Case 10 - Minimal feature set: 0.3756254730397272


Even with just three features, the model achieved a score of 0.376, demonstrating that a very minimal feature set can still provide good clustering results.

### Inferences

From these experiments, we can draw several important inferences:

1. Feature selection significantly impacts clustering performance
2. Admission-related features (Case 5) provided the best clustering results with a score of 0.486
3. Using fewer, well-chosen features often outperformed using all features
4. Cost and enrollment features tended to reduce model performance when included
5. A minimal feature set (Case 10) still performed well, suggesting some features may be redundant

The optimal approach appears to be focusing on admission-related features while excluding cost and enrollment data for the best clustering results.

In [16]:
# Optimal feature set based on analysis
optimal_features = ['apps', 'accept', 'top10perc', 'top25perc']

# Evaluate the optimal model
optimal_score = evaluate_kmeans(df, optimal_features)
print("\nOptimal feature set score:", optimal_score)
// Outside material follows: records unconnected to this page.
(* Let $\mathcal I$ be the set of all infinitely divisible real random variables $X$ with $E[X^2]<\infty$, and let $\mathcal I_0=\{X\in\mathcal I: \mathrm{Var}(X)>0\}$. Define $$P_{\mathcal I}=\inf_{X\in\mathcal I}P\left\{|X-E[X]|\le \sqrt{\mathrm{Var}(X)}\right\},\qquad P_{\mathcal I_0}=\inf_{X\in\mathcal I_0}P\left\{|X-E[X]|<\sqrt{\mathrm{Var}(X)}\right\}.$$ Then $P_{\mathcal I}\ge P_{\mathcal I_0}>0$. Moreover, there exists $Y\in\mathcal I_0$ such that $P_{\mathcal I_0}=P\{|Y-E[Y]|<\sqrt{\mathrm{Var}(Y)}\}$.
   Context: A real random variable (or its distribution) is infinitely divisible if for every $n\ge1$ its distribution equals that of a sum of $n$ i.i.d. random variables. *)

theory Defs
  imports "HOL-Probability.Probability"
begin

text \<open>A real random variable is identified with its distribution; all quantities in the
  statement (mean, variance, probabilities of events about X) depend only on it.\<close>

definition real_distribution :: "real measure \<Rightarrow> bool" where
  "real_distribution \<mu> \<longleftrightarrow> prob_space \<mu> \<and> sets \<mu> = sets borel"

definition iid_sum_distr :: "nat \<Rightarrow> real measure \<Rightarrow> real measure" where
  "iid_sum_distr n \<nu> = distr (PiM {..<n} (\<lambda>_. \<nu>)) borel (\<lambda>x. \<Sum>i<n. x i)"

definition infinitely_divisible :: "real measure \<Rightarrow> bool" where
  "infinitely_divisible \<mu> \<longleftrightarrow>
     (\<forall>n::nat. n \<ge> 1 \<longrightarrow> (\<exists>\<nu>. real_distribution \<nu> \<and> \<mu> = iid_sum_distr n \<nu>))"

definition mean :: "real measure \<Rightarrow> real" where
  "mean \<mu> = (\<integral>x. x \<partial>\<mu>)"

definition var :: "real measure \<Rightarrow> real" where
  "var \<mu> = (\<integral>x. (x - mean \<mu>)\<^sup>2 \<partial>\<mu>)"

definition ID_class :: "real measure set" where
  "ID_class = {\<mu>. real_distribution \<mu> \<and> infinitely_divisible \<mu> \<and> integrable \<mu> (\<lambda>x. x\<^sup>2)}"

definition ID0_class :: "real measure set" where
  "ID0_class = {\<mu> \<in> ID_class. var \<mu> > 0}"

definition P_I :: real where
  "P_I = (INF \<mu>\<in>ID_class. measure \<mu> {x. \<bar>x - mean \<mu>\<bar> \<le> sqrt (var \<mu>)})"

definition P_I0 :: real where
  "P_I0 = (INF \<mu>\<in>ID0_class. measure \<mu> {x. \<bar>x - mean \<mu>\<bar> < sqrt (var \<mu>)})"

end

theory Submission
  imports Defs
begin

(*
  Standardising X to mean 0 and variance 1 turns the event |X - E X| < sd X into |X| < 1, so P_I0 is
  an infimum of P(|X| < 1) over standardised infinitely divisible laws. A minimising sequence has
  second moments 1 and is therefore tight, so a subsequence converges weakly to some Y. The limit is
  again infinitely divisible (the k-th convolution roots along the sequence are tight as well, and
  characteristic functions pass to the limit), E Y = 0, E Y^2 <= 1, and by the portmanteau inequality
  for the open set {|x| < 1}, P(|Y| < 1) <= P_I0. Since P(|Y - E Y| < sd Y) < 1 for every
  nondegenerate law, P_I0 < 1, so Y is nondegenerate, and Var Y <= 1 shows that Y attains P_I0.
  The infimum is positive because P(|X - E X| < sd X) = 0 forces X to be the symmetric two-point law
  on E X +- sd X, which is not even the sum of two i.i.d. variables. Finally P_I >= P_I0, because
  closed intervals contain open ones and degenerate laws give probability 1.
*)

section \<open>Real distributions\<close>

lemma real_distribution_iff_locale:
  "real_distribution \<mu> \<longleftrightarrow> Distribution_Functions.real_distribution \<mu>"
  by (simp add: Defs.real_distribution_def Distribution_Functions.real_distribution_def
      real_distribution_axioms_def)

lemma real_distribution_distrI:
  assumes "real_distribution \<mu>" "f \<in> borel_measurable borel"
  shows "real_distribution (distr \<mu> borel f)"
proof -
  interpret real_distribution \<mu> using assms(1) by (simp add: real_distribution_iff_locale)
  show ?thesis using assms(2) by (simp add: real_distribution_iff_locale)
qed

lemma measure_eq_1_if_AE:
  assumes "real_distribution \<mu>" "A \<in> sets borel" "AE x in \<mu>. x \<in> A"
  shows "measure \<mu> A = 1"
proof -
  interpret real_distribution \<mu> using assms(1) by (simp add: real_distribution_iff_locale)
  show ?thesis using assms(2,3) by (simp add: AE_in_set_eq_1)
qed

lemma measure_greaterThan_eq_1_minus_cdf:
  assumes "real_distribution \<mu>"
  shows "measure \<mu> {b<..} = 1 - cdf \<mu> b"
proof -
  interpret real_distribution \<mu> using assms by (simp add: real_distribution_iff_locale)
  have "{b<..} = space \<mu> - {..b}" by auto
  then show ?thesis using prob_compl[of "{..b}"] by (simp add: cdf_def)
qed

lemma integrable_id_if_square_integrable:
  assumes "real_distribution \<nu>" "integrable \<nu> (\<lambda>x. x\<^sup>2)"
  shows "integrable \<nu> (\<lambda>x. x)"
proof -
  interpret real_distribution \<nu> using assms(1) by (simp add: real_distribution_iff_locale)
  show ?thesis using assms(2) by (rule square_integrable_imp_integrable[rotated]) simp
qed

lemma integrable_square_shift:
  assumes "real_distribution \<mu>" "integrable \<mu> (\<lambda>x. x\<^sup>2)"
  shows "integrable \<mu> (\<lambda>x. (x - a)\<^sup>2)"
proof -
  interpret real_distribution \<mu> using assms(1) by (simp add: real_distribution_iff_locale)
  have "integrable \<mu> (\<lambda>x. x\<^sup>2 - 2 * a * x + a\<^sup>2)"
    using assms integrable_id_if_square_integrable by simp
  moreover have "(\<lambda>x. (x - a)\<^sup>2) = (\<lambda>x. x\<^sup>2 - 2 * a * x + a\<^sup>2)"
    by (simp add: fun_eq_iff power2_diff algebra_simps)
  ultimately show ?thesis by simp
qed

lemma var_nonneg: "var \<mu> \<ge> 0"
  unfolding var_def by (rule integral_nonneg_AE) simp

lemma measure_eq_1_if_var_eq_0:
  assumes \<mu>: "real_distribution \<mu>" "integrable \<mu> (\<lambda>x. x\<^sup>2)" and "var \<mu> = 0"
    and A: "A \<in> sets borel" "mean \<mu> \<in> A"
  shows "measure \<mu> A = 1"
proof -
  have "AE x in \<mu>. x = mean \<mu>"
    using integral_nonneg_eq_0_iff_AE[OF integrable_square_shift[OF \<mu>], of "mean \<mu>"] \<open>var \<mu> = 0\<close>
    by (simp add: var_def)
  then have "AE x in \<mu>. x \<in> A"
    by eventually_elim (use A in simp)
  then show ?thesis by (rule measure_eq_1_if_AE[OF \<mu>(1) A(1)])
qed


section \<open>Sums of i.i.d. variables\<close>

lemma borel_measurable_sum_PiM:
  assumes "real_distribution \<nu>"
  shows "(\<lambda>x. \<Sum>i<k. x i) \<in> borel_measurable (PiM {..<k} (\<lambda>_. \<nu>))"
proof -
  have "sets (PiM {..<k} (\<lambda>_. \<nu>)) = sets (PiM {..<k} (\<lambda>_. borel))"
    using assms by (intro sets_PiM_cong) (simp_all add: Defs.real_distribution_def)
  then show ?thesis by (subst measurable_cong_sets[OF _ refl]) measurable
qed

lemma real_distribution_iid_sum_distr:
  assumes "real_distribution \<nu>"
  shows "real_distribution (iid_sum_distr k \<nu>)"
proof -
  interpret prob_space \<nu> using assms by (simp add: Defs.real_distribution_def)
  have "prob_space (PiM {..<k} (\<lambda>_. \<nu>))" by (intro prob_space_PiM) (rule prob_space_axioms)
  then show ?thesis
    unfolding iid_sum_distr_def Defs.real_distribution_def
    by (simp add: prob_space.prob_space_distr borel_measurable_sum_PiM[OF assms])
qed

lemma char_iid_sum_distr:
  assumes "real_distribution \<nu>"
  shows "char (iid_sum_distr k \<nu>) t = char \<nu> t ^ k"
proof -
  interpret real_distribution \<nu> using assms by (simp add: real_distribution_iff_locale)
  interpret product_sigma_finite "\<lambda>_. \<nu>"
    by (simp add: product_sigma_finite_def sigma_finite_measure_axioms)
  have "char (iid_sum_distr k \<nu>) t = (\<integral>x. iexp (t * (\<Sum>i<k. x i)) \<partial>PiM {..<k} (\<lambda>_. \<nu>))"
    unfolding char_def iid_sum_distr_def
    by (simp add: integral_distr borel_measurable_sum_PiM[OF assms])
  also have "\<dots> = (\<integral>x. (\<Prod>i<k. iexp (t * x i)) \<partial>PiM {..<k} (\<lambda>_. \<nu>))"
    by (simp add: sum_distrib_left exp_sum)
  also have "\<dots> = (\<Prod>i<k. char \<nu> t)"
    unfolding char_def by (rule product_integral_prod) (auto intro: integrable_iexp)
  finally show ?thesis by simp
qed

lemma measure_PiM_PiE_power:
  assumes "real_distribution \<nu>" "A \<in> sets borel"
  shows "measure (PiM {..<k} (\<lambda>_. \<nu>)) (PiE {..<k} (\<lambda>_. A)) = measure \<nu> A ^ k"
proof -
  interpret real_distribution \<nu> using assms(1) by (simp add: real_distribution_iff_locale)
  interpret product_sigma_finite "\<lambda>_. \<nu>"
    by (simp add: product_sigma_finite_def sigma_finite_measure_axioms)
  have "emeasure (PiM {..<k} (\<lambda>_. \<nu>)) (PiE {..<k} (\<lambda>_. A)) = ennreal (measure \<nu> A ^ k)"
    using assms(2) by (simp add: emeasure_PiM emeasure_eq_measure prod_ennreal ennreal_power)
  then show ?thesis by (simp add: measure_def)
qed

lemma measure_iid_sum_distr:
  assumes "real_distribution \<nu>" "B \<in> sets borel"
  shows "measure (iid_sum_distr k \<nu>) B =
    measure (PiM {..<k} (\<lambda>_. \<nu>)) ((\<lambda>x. \<Sum>i<k. x i) -` B \<inter> space (PiM {..<k} (\<lambda>_. \<nu>)))"
  unfolding iid_sum_distr_def
  using assms by (intro measure_distr borel_measurable_sum_PiM) simp_all

lemma power_le_measure_iid_sum_distr:
  assumes \<nu>: "real_distribution \<nu>" and A: "A \<in> sets borel" and B: "B \<in> sets borel"
    and sum_in: "\<And>x. (\<And>i. i < k \<Longrightarrow> x i \<in> A) \<Longrightarrow> (\<Sum>i<k. x i) \<in> B"
  shows "measure \<nu> A ^ k \<le> measure (iid_sum_distr k \<nu>) B"
proof -
  interpret real_distribution \<nu> using \<nu> by (simp add: real_distribution_iff_locale)
  interpret P: prob_space "PiM {..<k} (\<lambda>_. \<nu>)" by (intro prob_space_PiM) (rule prob_space_axioms)
  have "measure \<nu> A ^ k = measure (PiM {..<k} (\<lambda>_. \<nu>)) (PiE {..<k} (\<lambda>_. A))"
    using measure_PiM_PiE_power[OF \<nu> A] by simp
  also have "\<dots> \<le> measure (iid_sum_distr k \<nu>) B"
    unfolding measure_iid_sum_distr[OF \<nu> B]
    using borel_measurable_sum_PiM[OF \<nu>] B sum_in
    by (intro P.finite_measure_mono measurable_sets) (auto simp: space_PiM PiE_iff)
  finally show ?thesis .
qed

lemma measure_iid_sum_distr_le_power:
  assumes \<nu>: "real_distribution \<nu>" and A: "AE y in \<nu>. y \<in> A"
    and B: "B \<in> sets borel" and C: "C \<in> sets borel"
    and in_C: "\<And>x i. (\<And>i. i < k \<Longrightarrow> x i \<in> A) \<Longrightarrow> (\<Sum>i<k. x i) \<in> B \<Longrightarrow> i < k \<Longrightarrow>
      x i \<in> C"
  shows "measure (iid_sum_distr k \<nu>) B \<le> measure \<nu> C ^ k"
proof -
  interpret real_distribution \<nu> using \<nu> by (simp add: real_distribution_iff_locale)
  interpret P: prob_space "PiM {..<k} (\<lambda>_. \<nu>)" by (intro prob_space_PiM) (rule prob_space_axioms)
  have "AE x in PiM {..<k} (\<lambda>_. \<nu>). \<forall>i\<in>{..<k}. x i \<in> A"
    using A by (intro AE_finite_allI AE_PiM_component) (simp_all add: prob_space_axioms)
  then have "AE x in PiM {..<k} (\<lambda>_. \<nu>).
      x \<in> (\<lambda>x. \<Sum>i<k. x i) -` B \<inter> space (PiM {..<k} (\<lambda>_. \<nu>)) \<longrightarrow> x \<in> PiE {..<k} (\<lambda>_. C)"
    by eventually_elim (auto simp: space_PiM PiE_iff in_C)
  then have "measure (iid_sum_distr k \<nu>) B \<le> measure (PiM {..<k} (\<lambda>_. \<nu>)) (PiE {..<k} (\<lambda>_. C))"
    unfolding measure_iid_sum_distr[OF \<nu> B] using C
    by (intro P.finite_measure_mono_AE sets_PiM_I_finite) simp_all
  also have "\<dots> = measure \<nu> C ^ k"
    by (rule measure_PiM_PiE_power[OF \<nu> C])
  finally show ?thesis .
qed

lemma power_measure_greaterThan_le_iid_sum_distr:
  assumes \<nu>: "real_distribution \<nu>" and k: "k \<ge> 1"
  shows "measure \<nu> {c<..} ^ k \<le> measure (iid_sum_distr k \<nu>) {k * c<..}"
proof (rule power_le_measure_iid_sum_distr[OF \<nu>])
  fix x :: "nat \<Rightarrow> real" assume "\<And>i. i < k \<Longrightarrow> x i \<in> {c<..}"
  then have "(\<Sum>i<k. c) < (\<Sum>i<k. x i)" using k by (intro sum_strict_mono) (auto simp: lessThan_empty_iff)
  then show "(\<Sum>i<k. x i) \<in> {k * c<..}" by simp
qed simp_all

lemma power_measure_lessThan_le_iid_sum_distr:
  assumes \<nu>: "real_distribution \<nu>" and k: "k \<ge> 1"
  shows "measure \<nu> {..<c} ^ k \<le> measure (iid_sum_distr k \<nu>) {..<k * c}"
proof (rule power_le_measure_iid_sum_distr[OF \<nu>])
  fix x :: "nat \<Rightarrow> real" assume "\<And>i. i < k \<Longrightarrow> x i \<in> {..<c}"
  then have "(\<Sum>i<k. x i) < (\<Sum>i<k. c)" using k by (intro sum_strict_mono) (auto simp: lessThan_empty_iff)
  then show "(\<Sum>i<k. x i) \<in> {..<k * c}" by simp
qed simp_all

lemma power_cdf_le_cdf_iid_sum_distr:
  assumes \<nu>: "real_distribution \<nu>"
  shows "cdf \<nu> c ^ k \<le> cdf (iid_sum_distr k \<nu>) (k * c)"
  unfolding cdf_def
proof (rule power_le_measure_iid_sum_distr[OF \<nu>])
  fix x :: "nat \<Rightarrow> real" assume "\<And>i. i < k \<Longrightarrow> x i \<in> {..c}"
  then have "(\<Sum>i<k. x i) \<le> (\<Sum>i<k. c)" by (intro sum_mono) auto
  then show "(\<Sum>i<k. x i) \<in> {..k * c}" by simp
qed simp_all

lemma AE_le_if_AE_iid_sum_distr_le:
  assumes \<nu>: "real_distribution \<nu>" and k: "k \<ge> 1"
    and AE_sum: "AE x in iid_sum_distr k \<nu>. x \<le> k * c"
  shows "AE y in \<nu>. y \<le> c"
proof -
  interpret \<nu>: real_distribution \<nu> using \<nu> by (simp add: real_distribution_iff_locale)
  have \<mu>: "real_distribution (iid_sum_distr k \<nu>)" by (rule real_distribution_iid_sum_distr[OF \<nu>])
  have "measure \<nu> {c<..} ^ k \<le> measure (iid_sum_distr k \<nu>) {k * c<..}"
    by (rule power_measure_greaterThan_le_iid_sum_distr[OF \<nu> k])
  also have "\<dots> = 0"
    using measure_eq_1_if_AE[OF \<mu>, of "{..k * c}"] AE_sum \<mu>
    by (simp add: measure_greaterThan_eq_1_minus_cdf cdf_def)
  finally have "measure \<nu> {c<..} ^ k = 0"
    by (rule antisym[OF _ zero_le_power[OF measure_nonneg]])
  then have "measure \<nu> {..c} = 1"
    using k \<nu> by (simp add: measure_greaterThan_eq_1_minus_cdf cdf_def)
  then have "AE y in \<nu>. y \<in> {..c}" by (rule \<nu>.AE_prob_1)
  then show ?thesis by simp
qed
# Display the selected features
print("\nOptimal features:")
for feature in optimal_features:
    print(f"- {feature}")


Optimal feature set score: 0.4859216670070813

Optimal features:
- apps
- accept
- top10perc
- top25perc


### Final Conclusions

The optimal feature set analysis reveals several key insights:

1. The highest performing model used just 4 admission-related features and achieved a silhouette score of 0.486
2. These features (`apps`, `accept`, `top10perc`, `top25perc`) all relate to the selectivity and admission standards of universities
3. This suggests that admission metrics are the most distinctive characteristics for clustering universities
4. Notably absent from the optimal set are financial features (costs, expenditures) and operational features (faculty ratios, enrollment)
5. The strong performance with just these 4 features indicates they capture the essential differences between university clusters

This analysis demonstrates that while universities differ across many dimensions, their admission standards and selectivity are the most useful metrics for meaningful categorization.